问题
I was trying to make a recursive function that can calculate the Fibonacci of the enter number, by the way I got stuck on how to get the values obtained by the recursion.
#!/bin/bash
#Function - Fibonacci
fib()
{
number=$1
if (( number < 2 ))
then
(( tmp = number ))
else
((--number))
term1=$(fib $number)
((--number))
term2=$(fib $number)
(( tmp = $(( term1 + term2 )) )) #Problem is here
fi
(( result = $result + tmp ))
return $result
}
#Main Program.
fib $1
echo fib $1 = $?
Can someone help me?
回答1:
There are a couple of issues with your code. You cannot use $? for any useful arithmetic because the number wraps around at 255. And the embedded $((...)) is not useful at all -- you are already in arithmetic context inside the double parentheses.
#!/bin/bash
fib()
{
local number term1 term2 # Avoid leaking to main scope
number=$1
if ((number < 2))
then
((tmp=number))
else
((--number))
term1=$(fib "$number")
((--number))
term2=$(fib "$number")
((tmp=term1+term2))
fi
((result=result+tmp))
printf '%s\n' "$result"
}
#Main Program.
fib "$1" # Quote argument properly!
Inside the (( arithmetic parentheses )) you don't need the $ in front of variables; it's harmless, but you should probably try to be consistent.

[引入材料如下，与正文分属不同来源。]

(* Let $R$ be a commutative ring, $M$ a non-zero $R$-module and $N\leq M$ a PS-hollow submodule. If $I$ is a minimal element (w.r.t. inclusion) of $A:=\{I\leq R \text{ ideal}: N\subseteq IM\}$, then $I$ is a hollow ideal of $R$, i.e. whenever $I=J+K$ for ideals $J,K\leq R$, we have $J=I$ or $K=I$.
   Context: An $R$-submodule $N\leq M$ is PS-hollow iff for every ideal $I\leq R$ and every submodule $L\leq M$: $N\subseteq IM+L$ implies $N\subseteq IM$ or $N\subseteq L$. *)

theory Defs
  imports Main "HOL.Modules"
begin

definition ideal :: "'a::comm_ring_1 set \<Rightarrow> bool" where
  "ideal I \<longleftrightarrow> 0 \<in> I \<and> (\<forall>x\<in>I. \<forall>y\<in>I. x + y \<in> I) \<and> (\<forall>r. \<forall>x\<in>I. r * x \<in> I)"

definition ideal_sum :: "'a::comm_ring_1 set \<Rightarrow> 'a set \<Rightarrow> 'a set" where
  "ideal_sum J K = {j + k | j k. j \<in> J \<and> k \<in> K}"

text \<open>IM: the submodule of M (the whole type 'b) generated by all r m with r in I.\<close>
definition ideal_mult_module :: "('a::comm_ring_1 \<Rightarrow> 'b::ab_group_add \<Rightarrow> 'b) \<Rightarrow> 'a set \<Rightarrow> 'b set" where
  "ideal_mult_module scale I = module.span scale {scale r m | r m. r \<in> I}"

definition PS_hollow :: "('a::comm_ring_1 \<Rightarrow> 'b::ab_group_add \<Rightarrow> 'b) \<Rightarrow> 'b set \<Rightarrow> bool" where
  "PS_hollow scale N \<longleftrightarrow> module.subspace scale N \<and>
     (\<forall>I L. ideal I \<longrightarrow> module.subspace scale L \<longrightarrow>
        N \<subseteq> {x + y | x y. x \<in> ideal_mult_module scale I \<and> y \<in> L} \<longrightarrow>
        N \<subseteq> ideal_mult_module scale I \<or> N \<subseteq> L)"

definition hollow_ideal :: "'a::comm_ring_1 set \<Rightarrow> bool" where
  "hollow_ideal I \<longleftrightarrow> (\<forall>J K. ideal J \<longrightarrow> ideal K \<longrightarrow> I = ideal_sum J K \<longrightarrow> J = I \<or> K = I)"

end

theory Submission
  imports Defs
begin

text \<open>If \<open>I = J + K\<close> then \<open>IM \<subseteq> JM + KM\<close>, so PS-hollowness puts \<open>N\<close> inside \<open>JM\<close> or inside
  \<open>KM\<close>; as \<open>J, K \<subseteq> I\<close>, minimality of \<open>I\<close> forces \<open>J = I\<close> or \<open>K = I\<close>.\<close>

lemma (in module) subspace_set_plus:
  assumes A: "subspace A" and B: "subspace B"
  shows "subspace {x + y | x y. x \<in> A \<and> y \<in> B}"
  unfolding subspace_def
proof (intro conjI ballI allI)
  show "0 \<in> {x + y | x y. x \<in> A \<and> y \<in> B}"
    using subspace_0[OF A] subspace_0[OF B] by force
next
  fix u v assume "u \<in> {x + y | x y. x \<in> A \<and> y \<in> B}" "v \<in> {x + y | x y. x \<in> A \<and> y \<in> B}"
  then obtain a b a' b' where "u = a + b" "v = a' + b'" "a \<in> A" "b \<in> B" "a' \<in> A" "b' \<in> B"
    by blast
  then show "u + v \<in> {x + y | x y. x \<in> A \<and> y \<in> B}"
    using subspace_add[OF A] subspace_add[OF B]
    by (intro CollectI exI[of _ "a + a'"] exI[of _ "b + b'"]) (simp add: ac_simps)
next
  fix c u assume "u \<in> {x + y | x y. x \<in> A \<and> y \<in> B}"
  then obtain a b where "u = a + b" "a \<in> A" "b \<in> B" by blast
  then show "scale c u \<in> {x + y | x y. x \<in> A \<and> y \<in> B}"
    using subspace_scale[OF A] subspace_scale[OF B]
    by (intro CollectI exI[of _ "scale c a"] exI[of _ "scale c b"]) (simp add: scale_right_distrib)
qed

lemma (in module) subspace_ideal_mult_module: "subspace (ideal_mult_module scale I)"
  unfolding ideal_mult_module_def by (rule subspace_span)

lemma (in module) ideal_mult_module_ideal_sum_subset:
  "ideal_mult_module scale (ideal_sum J K) \<subseteq>
     {x + y | x y. x \<in> ideal_mult_module scale J \<and> y \<in> ideal_mult_module scale K}"
  unfolding ideal_mult_module_def[of scale "ideal_sum J K"]
proof (rule span_minimal)
  show "subspace {x + y | x y. x \<in> ideal_mult_module scale J \<and> y \<in> ideal_mult_module scale K}"
    by (intro subspace_set_plus subspace_ideal_mult_module)
  show "{scale r m | r m. r \<in> ideal_sum J K} \<subseteq>
      {x + y | x y. x \<in> ideal_mult_module scale J \<and> y \<in> ideal_mult_module scale K}"
  proof
    fix z assume "z \<in> {scale r m | r m. r \<in> ideal_sum J K}"
    then obtain j k m where z: "z = scale j m + scale k m" "j \<in> J" "k \<in> K"
      unfolding ideal_sum_def by (auto simp: scale_left_distrib)
    have "scale j m \<in> ideal_mult_module scale J" "scale k m \<in> ideal_mult_module scale K"
      unfolding ideal_mult_module_def using z by (auto intro: span_base)
    with z show "z \<in> {x + y | x y. x \<in> ideal_mult_module scale J \<and> y \<in> ideal_mult_module scale K}"
      by blast
  qed
qed

lemma ideal_subset_ideal_sum_left: "ideal K \<Longrightarrow> J \<subseteq> ideal_sum J K"
  unfolding ideal_sum_def ideal_def by force

lemma ideal_subset_ideal_sum_right: "ideal J \<Longrightarrow> K \<subseteq> ideal_sum J K"
  unfolding ideal_sum_def ideal_def by force

theorem lemma5p3:
  fixes scale :: "'a::comm_ring_1 \<Rightarrow> 'b::ab_group_add \<Rightarrow> 'b"
    and N :: "'b set" and I :: "'a set"
  assumes "module scale"
    and "\<exists>m::'b. m \<noteq> 0"
    and "PS_hollow scale N"
    and "ideal I"
    and "N \<subseteq> ideal_mult_module scale I"
    and "\<forall>J. ideal J \<and> N \<subseteq> ideal_mult_module scale J \<and> J \<subseteq> I \<longrightarrow> J = I"
  shows "ideal I \<and> hollow_ideal I"
proof -
  interpret module scale by (rule assms(1))
  have "J = I \<or> K = I" if J: "ideal J" and K: "ideal K" and IJK: "I = ideal_sum J K" for J K
  proof -
    have "N \<subseteq> {x + y | x y. x \<in> ideal_mult_module scale J \<and> y \<in> ideal_mult_module scale K}"
      using assms(5) ideal_mult_module_ideal_sum_subset[of J K] IJK by simp
    then have "N \<subseteq> ideal_mult_module scale J \<or> N \<subseteq> ideal_mult_module scale K"
      using assms(3) J subspace_ideal_mult_module[of K] unfolding PS_hollow_def by blast
    moreover have "J \<subseteq> I" "K \<subseteq> I"
      using J K IJK ideal_subset_ideal_sum_left ideal_subset_ideal_sum_right by simp_all
    ultimately show ?thesis
      using assms(6) J K by blast
  qed
  then show ?thesis
    using assms(4) unfolding hollow_ideal_def by blast
qed

end
theorem mainTheorem1:
  shows "(\<forall>(V::nat set) (E::nat set) (inc::nat \<Rightarrow> nat set).
            cubic V E inc \<and> bridgeless V E inc \<longrightarrow> petersen_colorable V E inc)
         \<longleftrightarrow>
         (\<exists>f::nat \<Rightarrow> nat. sublinear f \<and>
            (\<forall>(V::nat set) (E::nat set) (inc::nat \<Rightarrow> nat set).
               cubic V E inc \<and> bridgeless V E inc \<longrightarrow>
               (\<exists>c. proper_edge_coloring 5 E inc c \<and>
                    card (abnormal_edges E inc c) \<le> f (card V))))"
proof
  assume petersen: "\<forall>(V::nat set) (E::nat set) (inc::nat \<Rightarrow> nat set).
    cubic V E inc \<and> bridgeless V E inc \<longrightarrow> petersen_colorable V E inc"
  show "\<exists>f. sublinear f \<and> (\<forall>(V::nat set) (E::nat set) (inc::nat \<Rightarrow> nat set).
    cubic V E inc \<and> bridgeless V E inc \<longrightarrow>
      (\<exists>c. proper_edge_coloring 5 E inc c \<and> card (abnormal_edges E inc c) \<le> f (card V)))"
  proof (rule exI[of _ "\<lambda>_. 0"], intro conjI allI impI)
    show "sublinear (\<lambda>_. 0)" unfolding sublinear_def by simp
    fix V E :: "nat set" and inc :: "nat \<Rightarrow> nat set" assume "cubic V E inc \<and> bridgeless V E inc"
    then obtain c where "normal_coloring E inc c"
      using petersen petersen_colorable_iff_normal_coloring by blast
    then show "\<exists>c. proper_edge_coloring 5 E inc c \<and> card (abnormal_edges E inc c) \<le> 0"
      unfolding normal_coloring_def by auto
  qed
next
  assume "\<exists>f. sublinear f \<and> (\<forall>(V::nat set) (E::nat set) (inc::nat \<Rightarrow> nat set).
    cubic V E inc \<and> bridgeless V E inc \<longrightarrow>
      (\<exists>c. proper_edge_coloring 5 E inc c \<and> card (abnormal_edges E inc c) \<le> f (card V)))"
  then obtain f where f: "sublinear f" and hyp: "\<forall>(V::nat set) (E::nat set) (inc::nat \<Rightarrow> nat set).
    cubic V E inc \<and> bridgeless V E inc \<longrightarrow>
      (\<exists>c. proper_edge_coloring 5 E inc c \<and> card (abnormal_edges E inc c) \<le> f (card V))"
    by blast
  show "\<forall>(V::nat set) (E::nat set) (inc::nat \<Rightarrow> nat set).
    cubic V E inc \<and> bridgeless V E inc \<longrightarrow> petersen_colorable V E inc"
  proof (intro allI impI)
    fix V E :: "nat set" and inc :: "nat \<Rightarrow> nat set" assume "cubic V E inc \<and> bridgeless V E inc"
    then have "\<exists>c. normal_coloring E inc c"
      using normal_coloring_if_sublinear_abnormal[OF f hyp] by blast
    then show "petersen_colorable V E inc"
      using petersen_colorable_iff_normal_coloring \<open>cubic V E inc \<and> bridgeless V E inc\<close> by blast
  qed
qed

end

As with any naïve Fibonacci implementation, this is hugely inefficient. It would be smarter to calculate the head of the sequence once in a helper function, then pull the final result and display it.
#!/bin/bash
fib2() {
local f
((f=$1+$2))
printf '%i %i\n' "$f" "$1"
}
fib()
{
local i j
j=$1
shift
for((i=1; i<j; ++i)); do
set -- $(fib2 ${1-1} ${2-0})
done
printf '%s\n' "${1-$i}"
}
#Main Program.
fib "$1"
回答2:
I ran your code and I see that the numbers don't get returned when it is less than 2. It keeps decrementing the values and goes on to finding fibonacci of negative numbers. And probably that is the reason why it is giving strange results (this is after applying the fix given by Armali).
I am not sure if the syntax of these arithmetic operations are right as you have also pointed out in the line where you add results from the methods.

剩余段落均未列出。